[EXERCISE INSTRUCTIONS]:
Find and copy every line in the records that includes the string "Gaussian".

====== DATA FOR THE TASK

(* For the symmetric two-user Gaussian broadcast channel with feedback with parameters $(\sigma_s^2,\rho_s,\sigma_z^2,\rho_z)$ and every $0<D\le\sigma_s^2$, let $D_{\mathrm{th}}=\frac{\sigma_s^2(2-\rho_z-|\rho_s|)}{2-\rho_z}$. Then $E(D)\le E_{\mathrm{OL}}(D)$ (indeed the minimal energy per source-pair sample required by the uncoded joint source-channel Ozarow–Leung-type linear feedback scheme is at most $E_{\mathrm{OL}}(D)$), where $$E_{\mathrm{OL}}(D)=\frac{2\sigma_z^2}{3-\rho_z}\log\!\Big(\frac{\sigma_s^2(1+|\rho_s|)}{D+(2-\rho_z)(D-\sigma_s^2)+\sigma_s^2|\rho_s|}\Big)\quad\text{if } D\ge D_{\mathrm{th}},$$ $$E_{\mathrm{OL}}(D)=2\sigma_z^2\Big(\log\!\Big(\frac{(2-\rho_z-|\rho_s|)\sigma_s^2}{(2-\rho_z)D}\Big)+\frac{1}{3-\rho_z}\log\!\Big(\frac{(2-\rho_z)(1+|\rho_s|)}{2-\rho_z-|\rho_s|}\Big)\Big)\quad\text{if } D<D_{\mathrm{th}},$$ with $\log$ the natural logarithm.
   Context: Setup: An encoder observes $m$ i.i.d. pairs $(S_{1,j},S_{2,j})\sim\mathcal N(0,\mathsf Q_s)$, $j=1,\dots,m$, with $\mathsf Q_s=\sigma_s^2\begin{pmatrix}1&\rho_s\\\rho_s&1\end{pmatrix}$, $|\rho_s|<1$. The channel is used $n$ times; at time $k$, receiver $i\in\{1,2\}$ observes $Y_{i,k}=X_k+Z_{i,k}$, where the pairs $(Z_{1,k},Z_{2,k})\sim\mathcal N(0,\mathsf Q_z)$ are i.i.d. over $k$ and independent of the sources, $\mathsf Q_z=\sigma_z^2\begin{pmatrix}1&\rho_z\\\rho_z&1\end{pmatrix}$, $|\rho_z|<1$; all signals are real. The encoder has noiseless causal feedback of both outputs: $X_k=f_k(S_{1,1}^m,S_{2,1}^m,\mathbf Y_1,\dots,\mathbf Y_{k-1})$ with $\mathbf Y_k=(Y_{1,k},Y_{2,k})$. Receiver $i$ outputs $\hat S_{i,1}^m=g_i(Y_{i,1}^n)$. A $(D,E,m,n)$ code is a collection $\{f_k\}_{k=1}^n,g_1,g_2$ with $\sum_{j=1}^m\mathbb E[(S_{i,j}-\hat S_{i,j})^2]\le mD$ for $i=1,2$ and $\sum_{k=1}^n\mathbb E[X_k^2]\le mE$. The energy-distortion tradeoff $E(D)$ is the minimal $E$ such that for every $\epsilon>0$ there exist $m,n$ and a $(D+\epsilon,E+\epsilon,m,n)$ code. *)

theory Defs
  imports "HOL-Probability.Probability"
begin

text \<open>Bivariate centred Gaussian with covariance matrix
  v * [[1, r], [r, 1]] (v = sigma squared), given by its density on the plane.\<close>
definition bvn_density :: "real \<Rightarrow> real \<Rightarrow> real \<times> real \<Rightarrow> ennreal" where
  "bvn_density v r = (\<lambda>(x, y). ennreal
     (1 / (2 * pi * v * sqrt (1 - r\<^sup>2)) *
      exp (- (x\<^sup>2 - 2 * r * x * y + y\<^sup>2) / (2 * v * (1 - r\<^sup>2)))))"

============

[REPLY]:
(* For the symmetric two-user Gaussian broadcast channel with feedback with parameters $(\sigma_s^2,\rho_s,\sigma_z^2,\rho_z)$ and every $0<D\le\sigma_s^2$, let $D_{\mathrm{th}}=\frac{\sigma_s^2(2-\rho_z-|\rho_s|)}{2-\rho_z}$. Then $E(D)\le E_{\mathrm{OL}}(D)$ (indeed the minimal energy per source-pair sample required by the uncoded joint source-channel Ozarow–Leung-type linear feedback scheme is at most $E_{\mathrm{OL}}(D)$), where $$E_{\mathrm{OL}}(D)=\frac{2\sigma_z^2}{3-\rho_z}\log\!\Big(\frac{\sigma_s^2(1+|\rho_s|)}{D+(2-\rho_z)(D-\sigma_s^2)+\sigma_s^2|\rho_s|}\Big)\quad\text{if } D\ge D_{\mathrm{th}},$$ $$E_{\mathrm{OL}}(D)=2\sigma_z^2\Big(\log\!\Big(\frac{(2-\rho_z-|\rho_s|)\sigma_s^2}{(2-\rho_z)D}\Big)+\frac{1}{3-\rho_z}\log\!\Big(\frac{(2-\rho_z)(1+|\rho_s|)}{2-\rho_z-|\rho_s|}\Big)\Big)\quad\text{if } D<D_{\mathrm{th}},$$ with $\log$ the natural logarithm.
text \<open>Bivariate centred Gaussian with covariance matrix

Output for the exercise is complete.